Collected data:
------------------------------------------------------------------------

lemma clone_weight_gamma_one_0_pure_birth:
  fixes \<alpha> \<nu> N :: real
  assumes "0 < \<alpha>" "1 < N"
  shows "clone_weight \<alpha> 0 \<alpha> \<nu> (ln N / \<alpha>) 0 - mut_mass \<alpha> \<nu> (ln N / \<alpha>) = - N * (\<nu> / \<alpha>) * (1 - 1 / N)"
proof -
  have "clone_weight \<alpha> 0 \<alpha> \<nu> (ln N / \<alpha>) 0 = 0"
    by (simp add: clone_weight_def bd_prob_def)
  moreover have "mut_mass \<alpha> \<nu> (ln N / \<alpha>) = \<nu> * (N - 1) / \<alpha>"
    using mut_mass_gamma_one[of 0 \<alpha> N \<nu>] assms by simp
  moreover have "0 - \<nu> * (N - 1) / \<alpha> = - N * (\<nu> / \<alpha>) * (1 - 1 / N)"
    using assms by (simp add: field_simps)
  ultimately show ?thesis
    by simp
qed

lemma clone_weight_log_coeff_gamma_one:
  fixes \<alpha> \<beta> \<nu> N :: real
  assumes "0 \<le> \<beta>" "\<beta> < \<alpha>" "1 < N"
  defines "q \<equiv> \<beta> / \<alpha>" and "\<theta> \<equiv> N * (\<nu> / \<alpha>)" and "\<phi> \<equiv> 1 - 1 / N"
  shows "clone_weight \<alpha> \<beta> (\<alpha> - \<beta>) \<nu> (ln N / (\<alpha> - \<beta>)) k -
           (if k = 0 then mut_mass (\<alpha> - \<beta>) \<nu> (ln N / (\<alpha> - \<beta>)) else 0) =
         (if q = 0 then
            (if k = 0 then - \<theta> * \<phi>
             else \<theta> * (\<phi> ^ k / real k - \<phi> ^ (k + 1) / real (k + 1)))
          else
            (if k = 0 then - \<theta> / q * ln (1 + \<phi> * q / (1 - q))
             else \<theta> * \<phi> ^ k / (1 - q * (1 - \<phi>)) ^ k *
                  (1 / real k - \<phi> / real (k + 1) *
                     hyp2f1 1 1 (2 + real k) (- \<phi> * q / (1 - q)))))"
proof -
  have "q = 0 \<longleftrightarrow> \<beta> = 0"
    using assms(1,2) by (auto simp: q_def)
  show ?thesis
  proof (cases "\<beta> = 0"; cases "k = 0")
    assume "\<beta> = 0" "k = 0"
    then show ?thesis
      using clone_weight_gamma_one_0_pure_birth[of \<alpha> N \<nu>] assms(2,3) \<open>q = 0 \<longleftrightarrow> \<beta> = 0\<close>
      by (simp add: \<theta>_def \<phi>_def)
  next
    assume "\<beta> = 0" "k \<noteq> 0"
    then have "clone_weight \<alpha> \<beta> (\<alpha> - \<beta>) \<nu> (ln N / (\<alpha> - \<beta>)) k = \<theta> * \<phi> ^ k * (1 / real k - \<phi> / real (k + 1))"
      using clone_weight_gamma_one_pos[OF assms(1-3), of k \<nu>]
      by (simp add: q_def \<theta>_def \<phi>_def hyp2f1_1_1_at_0)
    then show ?thesis
      using \<open>\<beta> = 0\<close> \<open>k \<noteq> 0\<close> \<open>q = 0 \<longleftrightarrow> \<beta> = 0\<close> by (simp add: algebra_simps)
  next
    assume "\<beta> \<noteq> 0" "k = 0"
    then show ?thesis
      using clone_weight_gamma_one_0[of \<beta> \<alpha> N \<nu>] assms(1-3) \<open>q = 0 \<longleftrightarrow> \<beta> = 0\<close>
      by (simp add: q_def \<theta>_def \<phi>_def)
  next
    assume "\<beta> \<noteq> 0" "k \<noteq> 0"
    then show ?thesis
      using clone_weight_gamma_one_pos[OF assms(1-3), of k \<nu>] \<open>q = 0 \<longleftrightarrow> \<beta> = 0\<close>
      by (simp add: q_def \<theta>_def \<phi>_def)
  qed
qed

theorem mainTheorem6:
  fixes \<delta> \<nu> \<alpha> \<beta> N :: real
  assumes "\<delta> > 0" and "\<nu> > 0" and "\<beta> \<ge> 0" and "\<alpha> > \<beta>" and "N > 1"
    and "\<delta> / (\<alpha> - \<beta>) = 1"
  defines "q \<equiv> \<beta> / \<alpha>" and "\<mu> \<equiv> \<nu> / \<alpha>"
  defines "\<theta> \<equiv> N * \<mu>" and "\<phi> \<equiv> 1 - 1 / N"
  defines "qc \<equiv> (\<lambda>k::nat.
      if q = 0 then
        (if k = 0 then - \<theta> * \<phi>
         else \<theta> * (\<phi> ^ k / real k - \<phi> ^ (k + 1) / real (k + 1)))
      else
        (if k = 0 then - \<theta> / q * ln (1 + \<phi> * q / (1 - q))
         else \<theta> * \<phi> ^ k / (1 - q * (1 - \<phi>)) ^ k *
              (1 / real k - \<phi> / real (k + 1) *
                 hyp2f1 1 1 (2 + real k) (- \<phi> * q / (1 - q)))))"
  shows "(\<exists>r>0. \<forall>z::real. \<bar>z\<bar> < r \<longrightarrow>
            (\<lambda>k. qc k * z ^ k) sums ln (pgfB \<alpha> \<beta> \<delta> \<nu> N z)) \<and>
         probB \<alpha> \<beta> \<delta> \<nu> N 0 = exp (qc 0) \<and>
         (\<forall>n\<ge>1. probB \<alpha> \<beta> \<delta> \<nu> N n =
           1 / real n * (\<Sum>k<n. real (n - k) * qc (n - k) * probB \<alpha> \<beta> \<delta> \<nu> N k))"
proof -
  have \<delta>: "\<delta> = \<alpha> - \<beta>"
    using assms(4,6) by (simp add: field_simps)
  define w where "w = clone_weight \<alpha> \<beta> \<delta> \<nu> (ln N / \<delta>)"
  define M where "M = mut_mass \<delta> \<nu> (ln N / \<delta>)"
  have probB: "exp (- M) * exp_series_coeff w n = probB \<alpha> \<beta> \<delta> \<nu> N n" for n
    by (simp add: probB_def Let_def exp_series_coeff_def w_def M_def)
  have w_nonneg: "0 \<le> w n" and w_le: "w n \<le> M" for n
    using clone_weight_bounds[of \<beta> \<alpha> \<nu> "ln N / \<delta>" n] gamma_one_horizon(1)[of \<beta> \<alpha> N] assms(2-5)
    by (simp_all add: w_def M_def \<delta>)
  have qc: "qc k = w k - (if k = 0 then M else 0)" for k
    unfolding assms(7-11) w_def M_def \<delta>
    by (rule clone_weight_log_coeff_gamma_one[symmetric]) (use assms(3-5) in auto)
  note log_coeffs = compound_poisson_log_coeffs[where w = w, OF w_nonneg w_le qc, unfolded probB]
  have "(\<lambda>k. qc k * z ^ k) sums ln (pgfB \<alpha> \<beta> \<delta> \<nu> N z)" if "\<bar>z\<bar> < 1" for z
    using log_coeffs(1)[OF that] by (simp add: pgfB_def)
  then show ?thesis
    using log_coeffs(2,3) by (auto intro!: exI[of _ 1])
qed

end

------------------------------------------------------------------------

What lines in the entries contain "moreover"? Report each one by copying it.

EXERCISE SOLUTION:
  moreover have "mut_mass \<alpha> \<nu> (ln N / \<alpha>) = \<nu> * (N - 1) / \<alpha>"
  moreover have "0 - \<nu> * (N - 1) / \<alpha> = - N * (\<nu> / \<alpha>) * (1 - 1 / N)"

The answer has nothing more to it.